Среди частых и сосредоточенных попыток вспомнить, среди напряженных усилий свести воедино приметы мнимого небытия, в которое окунулась тогда моя душа, бывали минуты, когда мне казалось, что я достиг успеха; случались краткие, очень краткие проблески воспоминаний, которые рассудок, прояснившийся позднее, мог отнести лишь к тогдашнему состоянию бессознательности. Эти тени памяти сбивчиво повествуют о каких-то длинных фигурах, которые безмолвно подняли меня и понесли вниз – все вниз, вниз, вниз! – до тех пор, пока отвратительное головокружение не охватило меня от одной только мысли о бесконечности этого спуска. Еще они повествуют о смутном ужасе моего сердца, вызванном противоестественным спокойствием и тишиною в этом сердце. Затем приходит неожиданное ощущение неподвижности, сковавшей все, – словно те, кто нес меня (о, этот путь!), переступив в своем движении вниз пределы беспредельного, остановились на миг передохнуть от своего однообразного, тяжкого труда. Вслед за тем душу пронизывают апатия и тоска; и наконец все захлестывает безумие — безумие памяти, вступившей в запретные области.
Совершенно неожиданно возвращаются движение и звук – громко и беспорядочно бьется сердце, и удары его шумно отдаются в ушах. Затем – провал: пустота, ничего, кроме пустоты. Затем снова звук, движение, прикосновение, и какая-то дрожь пронизывает все мое существо.
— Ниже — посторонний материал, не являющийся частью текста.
lemma adversary_sequence:
  fixes s :: "nat \<Rightarrow> real"
  assumes speeds: "\<And>i. 2 \<le> i \<Longrightarrow> 1 \<le> s i" and "1 \<le> L" and "3 \<le> M"
    and windows: "\<And>m. 2 \<le> m \<Longrightarrow> 4 * real M \<le> (\<Prod>i = Suc m..m + L. s i)"
  obtains \<sigma> where "\<forall>r\<in>set \<sigma>. 0 \<le> r" and "real M - 1 \<le> 2 * ALG_DC s \<sigma>"
    and "OPT \<sigma> \<le> 2 * real (Suc L)"
proof -
  define \<delta> where "\<delta> = 1 / (2 * real M)"
  have M: "0 < real M" using \<open>3 \<le> M\<close> by simp
  interpret dc_adversary s L \<delta> "4 * M"
    by unfold_locales (use speeds \<open>1 \<le> L\<close> M in \<open>auto simp: \<delta>_def\<close>)
  have "\<delta> < 1" using \<open>3 \<le> M\<close> by (simp add: \<delta>_def)
  have ok: "phase_ok q" if "1 \<le> q" "q \<le> M - 2" for q
    unfolding phase_ok_def
  proof (intro conjI impI)
    show "real (Suc q) * \<delta> < 1" using that M by (simp add: \<delta>_def field_simps)
    assume "2 \<le> window_start q"
    then have "4 * real M \<le> gain q"
      unfolding gain_def using windows[of "window_start q"]
      by (simp add: window_start_def split: if_splits)
    then show "2 \<le> \<delta> * gain q" using M by (simp add: \<delta>_def field_simps)
  qed (use that in simp)
  let ?\<sigma> = "adversary_requests (M - 2)"
  show ?thesis
  proof (rule that)
    show "\<forall>r\<in>set ?\<sigma>. 0 \<le> r"
      using adversary_requests_bounds[of "M - 2", OF ok \<open>\<delta> < 1\<close>] by (auto simp: less_imp_le)
    have "level (M - 2 + 2) = 1 - real M * \<delta>"
      using \<open>3 \<le> M\<close> by (simp add: level_def)
    then have "real (Suc (M - 2)) * level (M - 2 + 2) = (real M - 1) / 2"
      using \<open>3 \<le> M\<close> M by (simp add: \<delta>_def of_nat_diff)
    then show "real M - 1 \<le> 2 * ALG_DC s ?\<sigma>"
      using ALG_adversary_requests[of "M - 2", OF ok \<open>\<delta> < 1\<close>] by simp
    show "OPT ?\<sigma> \<le> 2 * real (Suc L)" by (rule OPT_adversary_requests[of "M - 2", OF ok \<open>\<delta> < 1\<close>])
  qed
qed
(* Let $T$ be a finite rooted tree with a self-loop at the root and $|T|\ge2$, let $v$ be a vertex of $T$ (possibly the root) and $T(v)$ the subtree of descendants of $v$. For $t\in\mathbb N$ let $N_t$ be the number of visits to $T(v)$ during $t$ steps of simple random walk on $T$. Then \[ E_v[N_t]\le |T(v)|\Big[\frac{t+3}{|T|-1}+48|T|\Big]. \]
   Context: Degrees count the self-loop twice; simple random walk moves from a vertex along a uniformly chosen edge-end; $E_v$ is expectation for the walk started at $v$. The descendants of $v$ are the vertices farther from the root than $v$ whose unique path to the root contains $v$; $T(v)$ consists of $v$ and its descendants. $|\cdot|$ is the number of vertices. *)

theory Defs
  imports "HOL-Probability.Probability"
begin

text \<open>A finite graph on vertex set V with symmetric, irreflexive edge relation E
  (the tree edges; the root self-loop is handled separately in the walk).\<close>

definition simple_path :: "('a \<Rightarrow> 'a \<Rightarrow> bool) \<Rightarrow> 'a list \<Rightarrow> 'a \<Rightarrow> 'a \<Rightarrow> bool" where
  "simple_path E p x y \<longleftrightarrow> p \<noteq> [] \<and> hd p = x \<and> last p = y \<and> distinct p \<and>
     (\<forall>i. Suc i < length p \<longrightarrow> E (p ! i) (p ! Suc i))"

definition is_tree :: "'a set \<Rightarrow> ('a \<Rightarrow> 'a \<Rightarrow> bool) \<Rightarrow> bool" where
  "is_tree V E \<longleftrightarrow> finite V \<and> V \<noteq> {} \<and>
     (\<forall>x y. E x y \<longrightarrow> x \<in> V \<and> y \<in> V) \<and>
     (\<forall>x y. E x y \<longrightarrow> E y x) \<and> (\<forall>x. \<not> E x x) \<and>
     (\<forall>x\<in>V. \<forall>y\<in>V. \<exists>!p. simple_path E p x y)"

definition subtree :: "'a set \<Rightarrow> ('a \<Rightarrow> 'a \<Rightarrow> bool) \<Rightarrow> 'a \<Rightarrow> 'a \<Rightarrow> 'a set" where
  "subtree V E r v = {w \<in> V. \<forall>p. simple_path E p w r \<longrightarrow> v \<in> set p}"

text \<open>Edge-ends at x, as a multiset of endpoints; the root carries a self-loop,
  which contributes two edge-ends (degree counts the loop twice).\<close>
definition edge_ends :: "'a set \<Rightarrow> ('a \<Rightarrow> 'a \<Rightarrow> bool) \<Rightarrow> 'a \<Rightarrow> 'a \<Rightarrow> 'a multiset" where
  "edge_ends V E r x = mset_set {y \<in> V. E x y} + (if x = r then {#r, r#} else {#})"

definition srw_step :: "'a set \<Rightarrow> ('a \<Rightarrow> 'a \<Rightarrow> bool) \<Rightarrow> 'a \<Rightarrow> 'a \<Rightarrow> 'a pmf" where
  "srw_step V E r x = pmf_of_multiset (edge_ends V E r x)"

fun srw_traj :: "'a set \<Rightarrow> ('a \<Rightarrow> 'a \<Rightarrow> bool) \<Rightarrow> 'a \<Rightarrow> nat \<Rightarrow> 'a \<Rightarrow> 'a list pmf" where
  "srw_traj V E r 0 x = return_pmf [x]"
| "srw_traj V E r (Suc n) x =
     bind_pmf (srw_step V E r x) (\<lambda>y. map_pmf (\<lambda>p. x # p) (srw_traj V E r n y))"

definition expected_visits :: "'a set \<Rightarrow> ('a \<Rightarrow> 'a \<Rightarrow> bool) \<Rightarrow> 'a \<Rightarrow> 'a \<Rightarrow> nat \<Rightarrow> real" where
  "expected_visits V E r v t =
     measure_pmf.expectation (srw_traj V E r t v)
       (\<lambda>p. real (length (filter (\<lambda>w. w \<in> subtree V E r v) p)))"

end

theory Submission imports Defs begin

text \<open>
Let \<open>\<Phi>\<close> be the expected hitting time of \<open>v\<close>; on a tree it has the closed form
\<open>\<Phi> x = \<Sum>\<^sub>w deg w \<cdot> (x|w)\<^sub>v\<close> with the Gromov product \<open>(x|w)\<^sub>v\<close>, so \<open>0 \<le> \<Phi> \<le> 2|T|(|T|-1)\<close>.
With \<open>A = |T(v)|/(|T|-1)\<close> the function \<open>f = (\<one>\<^bsub>T(v)\<^esub> - A) \<Phi>\<close> satisfies the drift
inequality \<open>E\<^sub>x f(X\<^sub>1) \<le> f x - \<one>\<^bsub>T(v)\<^esub>(x) + A\<close>: inside \<open>T(v) - {v}\<close> and outside \<open>T(v)\<close> this is
the equation \<open>E\<^sub>x \<Phi>(X\<^sub>1) = \<Phi> x - 1\<close>, and at \<open>v\<close> it uses that \<open>\<Phi>\<close> at the parent of \<open>v\<close> is at
least the total degree outside \<open>T(v)\<close>. Summing the drift along the walk gives
\<open>E\<^sub>v N\<^sub>t \<le> (t+1) A + f v - min f \<le> (t+1) A + 2|T| |T(v)|\<close>.
For \<open>v\<close> the root, \<open>T(v) = T\<close> and the trivial bound \<open>N\<^sub>t \<le> t + 1\<close> suffices.
\<close>

locale rooted_tree =
  fixes V :: "'a set" and E :: "'a \<Rightarrow> 'a \<Rightarrow> bool" and r :: 'a
  assumes tree: "is_tree V E" and root_in_V: "r \<in> V"
begin

lemma finite_V: "finite V"
  using tree unfolding is_tree_def by auto

lemma edge_in_V: "E x y \<Longrightarrow> x \<in> V \<and> y \<in> V"
  using tree unfolding is_tree_def by blast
Затем простое ощущение бытия, без всякой мысли – состояние, которое долго не проходит. И вдруг – мысль, и ужас, потрясший меня с головы до пят, и напряженное стремление осознать, что же все-таки со мной происходит. Затем страстное желание погрузиться в беспамятство. Затем стремительное воскрешение духа и успешная попытка пошевелиться. И тут – полное и ясное воспоминание о процессе, судьях, траурных драпировках, о приговоре, о слабости, об обмороке. Затем – абсолютное забвение всего, что последовало; лишь гораздо позже и ценою самых напряженных усилий мне удалось, хотя и смутно, восстановить все это в памяти.